lemma eventually_grid_point_in_open:
  fixes \<omega> :: "nat \<Rightarrow> 'a::topological_space"
  assumes p: "\<And>i. ((\<lambda>n. p n i) \<longlongrightarrow> \<omega> i) sequentially" and U: "open U" "\<omega> \<in> U"
  shows "eventually (\<lambda>n. \<forall>k. grid_point (p n) x y n k \<in> U) sequentially"
proof -
  obtain X where X: "\<omega> \<in> (\<Pi>\<^sub>E i\<in>UNIV. X i)" "\<And>i. open (X i)" "finite {i. X i \<noteq> UNIV}"
    "(\<Pi>\<^sub>E i\<in>UNIV. X i) \<subseteq> U"
    using product_topology_open_contains_basis[of "\<lambda>_. euclidean" UNIV U \<omega>] U
    by (auto simp: open_fun_def)
  have "eventually (\<lambda>n. i < n \<and> p n i \<in> X i) sequentially" for i
  proof -
    have "\<omega> i \<in> X i" using X(1) by (auto simp: PiE_iff)
    then show ?thesis
      using eventually_conj[OF eventually_gt_at_top[of i] topological_tendstoD[OF p X(2)]] by simp
  qed
  then have "eventually (\<lambda>n. \<forall>i\<in>{i. X i \<noteq> UNIV}. i < n \<and> p n i \<in> X i) sequentially"
    using X(3) by (intro eventually_ball_finite) auto
  then show ?thesis
  proof (rule eventually_mono)
    fix n assume n: "\<forall>i\<in>{i. X i \<noteq> UNIV}. i < n \<and> p n i \<in> X i"
    have "grid_point (p n) x y n k i \<in> X i" for k i
      using n[rule_format, of i] by (cases "X i = UNIV") (auto simp: grid_point_def)
    then have "grid_point (p n) x y n k \<in> (\<Pi>\<^sub>E i\<in>UNIV. X i)" for k
      by (simp add: PiE_iff)
    then show "\<forall>k. grid_point (p n) x y n k \<in> U" using X(4) by blast
  qed
qed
#####
_WHAT THE TASK ASKS_
Show the lines of the listing above with "forall".

_ANSWER SECTION_
  shows "eventually (\<lambda>n. \<forall>k. grid_point (p n) x y n k \<in> U) sequentially"
  then have "eventually (\<lambda>n. \<forall>i\<in>{i. X i \<noteq> UNIV}. i < n \<and> p n i \<in> X i) sequentially"
    fix n assume n: "\<forall>i\<in>{i. X i \<noteq> UNIV}. i < n \<and> p n i \<in> X i"
    then show "\<forall>k. grid_point (p n) x y n k \<in> U" using X(4) by blast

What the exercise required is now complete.